Screenshot of Wadada Leo Smith and Amina Claudine Myers at their Roulette performance (from the YouTube video of the event)
Yesterday evening I had my dinner while watching a livestream broadcast, now available for viewing on YouTube, from the Roulette Intermedium in Brooklyn, New York. The performance was by the duo of trumpeter/composer Wadada Leo Smith with Amina Claudine Myers on piano. The program consisted of five pieces they had selected from their duo album, which was released this past May: Central Park’s Mosaics of Reservoir, Lake, Paths and Garden.
The prevailing rhetoric was one of quietude. Those familiar with the venue know that Central Park, situated in the middle of Manhattan, is a very large space, which tends to allow for a generous diversity of activities, some of which (as we know from the music of Charles Ives) can be quite raucous. On the other hand, the Mosaics movements all amounted to “reflections in quietude” on the space itself. Both of the performers seemed to be playing from sheet music, suggesting that each movement was through-composed with little, if any, opportunities for improvisation.
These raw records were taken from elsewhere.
(* Let $\mu$ be a computable measure. The set of $\mu$-nilpotent cellular automata is $\Pi_3^0$.
   Context: A CA $F$ over finite alphabet $Q$ has radius $r$, local rule $\delta:Q^{2r+1}\to Q$, global map $F(c)_z=\delta(c_{z-r},\dots,c_{z+r})$. $\mu$ is a shift-invariant Borel probability measure on the configuration space of the CA considered; it is computable if there is a computable $f$ with $|\mu([u]_0)-f(u,\epsilon)|\le\epsilon$ for all words $u$ and rational $\epsilon>0$, where $[u]_0=\{c:c_{[0,|u|-1]}=u\}$. $L_\mu(F)=\{u:\mu(F^{-t}([u]_0))\not\to0\}$. $F$ is $\mu$-nilpotent if $L_\mu(F)=a^*$ for some state $a$ (equivalently its $\mu$-limit set is $\{a^{\mathbb{Z}}\}$). *)

theory Defs
  imports "HOL-Probability.Probability" "HOL-Library.Nat_Bijection"
begin

datatype rf = Zr | Sc | Proj nat | Comp rf "rf list" | Prim rf rf | Mn rf

inductive rf_eval :: "rf \<Rightarrow> nat list \<Rightarrow> nat \<Rightarrow> bool" where
  zr: "rf_eval Zr xs 0"
| sc: "rf_eval Sc (x # xs) (Suc x)"
| proj: "i < length xs \<Longrightarrow> rf_eval (Proj i) xs (xs ! i)"
| comp: "length ys = length fs \<Longrightarrow> (\<forall>i < length fs. rf_eval (fs ! i) xs (ys ! i))
          \<Longrightarrow> rf_eval g ys y \<Longrightarrow> rf_eval (Comp g fs) xs y"
| prim0: "rf_eval f xs y \<Longrightarrow> rf_eval (Prim f g) (0 # xs) y"
| primS: "rf_eval (Prim f g) (n # xs) y \<Longrightarrow> rf_eval g (n # y # xs) z
          \<Longrightarrow> rf_eval (Prim f g) (Suc n # xs) z"
| mn: "rf_eval f (n # xs) 0 \<Longrightarrow> (\<forall>m < n. \<exists>k. rf_eval f (m # xs) (Suc k))
          \<Longrightarrow> rf_eval (Mn f) xs n"

definition computable :: "(nat \<Rightarrow> nat) \<Rightarrow> bool" where
  "computable f \<longleftrightarrow> (\<exists>p. \<forall>n. rf_eval p [n] (f n))"

definition decidable4 :: "(nat \<Rightarrow> nat \<Rightarrow> nat \<Rightarrow> nat \<Rightarrow> bool) \<Rightarrow> bool" where
  "decidable4 R \<longleftrightarrow> computable (\<lambda>k. case prod_decode k of (n, k1) \<Rightarrow>
      (case prod_decode k1 of (a, k2) \<Rightarrow> (case prod_decode k2 of (b, c) \<Rightarrow>
         (if R n a b c then 1 else 0))))"

definition Pi3 :: "nat set \<Rightarrow> bool" where
  "Pi3 A \<longleftrightarrow> (\<exists>R. decidable4 R \<and> (\<forall>n. n \<in> A \<longleftrightarrow> (\<forall>a. \<exists>b. \<forall>c. R n a b c)))"

definition rat_dec :: "nat \<Rightarrow> real" where
  "rat_dec k = (case prod_decode k of (a, b) \<Rightarrow> real_of_int (int_decode a) / real (b + 1))"

definition words :: "nat \<Rightarrow> nat list set" where
  "words q = {u. \<forall>x \<in> set u. x < q}"

definition configs :: "nat \<Rightarrow> (int \<Rightarrow> nat) set" where
  "configs q = {c. \<forall>z. c z < q}"

definition cyl :: "nat \<Rightarrow> nat list \<Rightarrow> int \<Rightarrow> (int \<Rightarrow> nat) set" where
  "cyl q u k = {c \<in> configs q. \<forall>i < length u. c (k + int i) = u ! i}"

text \<open>Borel sigma-algebra of the product topology on Q^Z = sigma-algebra generated by cylinders.\<close>
definition config_space :: "nat \<Rightarrow> (int \<Rightarrow> nat) measure" where
  "config_space q = sigma (configs q) {cyl q u k | u k. u \<in> words q}"

definition shift :: "(int \<Rightarrow> nat) \<Rightarrow> (int \<Rightarrow> nat)" where
  "shift c = (\<lambda>z. c (z + 1))"

definition shift_invariant_prob :: "nat \<Rightarrow> (int \<Rightarrow> nat) measure \<Rightarrow> bool" where
  "shift_invariant_prob q \<mu> \<longleftrightarrow> sets \<mu> = sets (config_space q) \<and> prob_space \<mu> \<and>
     (\<forall>A \<in> sets \<mu>. measure \<mu> (shift -` A \<inter> space \<mu>) = measure \<mu> A)"

definition computable_measure :: "nat \<Rightarrow> (int \<Rightarrow> nat) measure \<Rightarrow> bool" where
  "computable_measure q \<mu> \<longleftrightarrow> (\<exists>f. computable f \<and>
     (\<forall>n m. list_decode n \<in> words q \<longrightarrow> rat_dec m > 0 \<longrightarrow>
        \<bar>measure \<mu> (cyl q (list_decode n) 0) - rat_dec (f (prod_encode (n, m)))\<bar> \<le> rat_dec m))"

definition word_index :: "nat \<Rightarrow> nat list \<Rightarrow> nat" where
  "word_index q w = foldl (\<lambda>acc a. acc * q + a) 0 w"

text \<open>A natural number n codes the CA with radius r and rule table t, where (r, m) = prod_decode n
  and t = list_decode m lists delta(w) for all w in Q^(2r+1) in lexicographic order.\<close>
definition ca_radius :: "nat \<Rightarrow> nat" where
  "ca_radius n = fst (prod_decode n)"

definition ca_table :: "nat \<Rightarrow> nat list" where
  "ca_table n = list_decode (snd (prod_decode n))"

definition valid_ca :: "nat \<Rightarrow> nat \<Rightarrow> bool" where
  "valid_ca q n \<longleftrightarrow> length (ca_table n) = q ^ (2 * ca_radius n + 1) \<and> ca_table n \<in> words q"

definition local_rule :: "nat \<Rightarrow> nat \<Rightarrow> nat list \<Rightarrow> nat" where
  "local_rule q n w = ca_table n ! word_index q w"

definition global_map :: "nat \<Rightarrow> nat \<Rightarrow> (int \<Rightarrow> nat) \<Rightarrow> (int \<Rightarrow> nat)" where
  "global_map q n c = (\<lambda>z. local_rule q n
      (map (\<lambda>i. c (z + i)) [- int (ca_radius n) .. int (ca_radius n)]))"

definition L_mu :: "nat \<Rightarrow> (int \<Rightarrow> nat) measure \<Rightarrow> nat \<Rightarrow> nat list set" where
  "L_mu q \<mu> n = {u \<in> words q. \<not> ((\<lambda>t. measure \<mu> ((global_map q n ^^ t) -` cyl q u 0 \<inter> space \<mu>))
                                     \<longlonglongrightarrow> 0)}"

definition mu_nilpotent :: "nat \<Rightarrow> (int \<Rightarrow> nat) measure \<Rightarrow> nat \<Rightarrow> bool" where
  "mu_nilpotent q \<mu> n \<longleftrightarrow> (\<exists>a < q. L_mu q \<mu> n = {replicate k a | k. True})"

end

theory Submission
  imports Defs
begin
In that respect, each movement was conceived as a journey through composed details that would evoke the variety of aspects of the physical space.
From a personal point of view, I have to say that, at a time when media seem to be attacking me with “noises of folly” from all sides, I could appreciate how Smith and Myers could deliver a calming account of the different aspects of quietude that Central Park can afford when we are disposed to recognize them.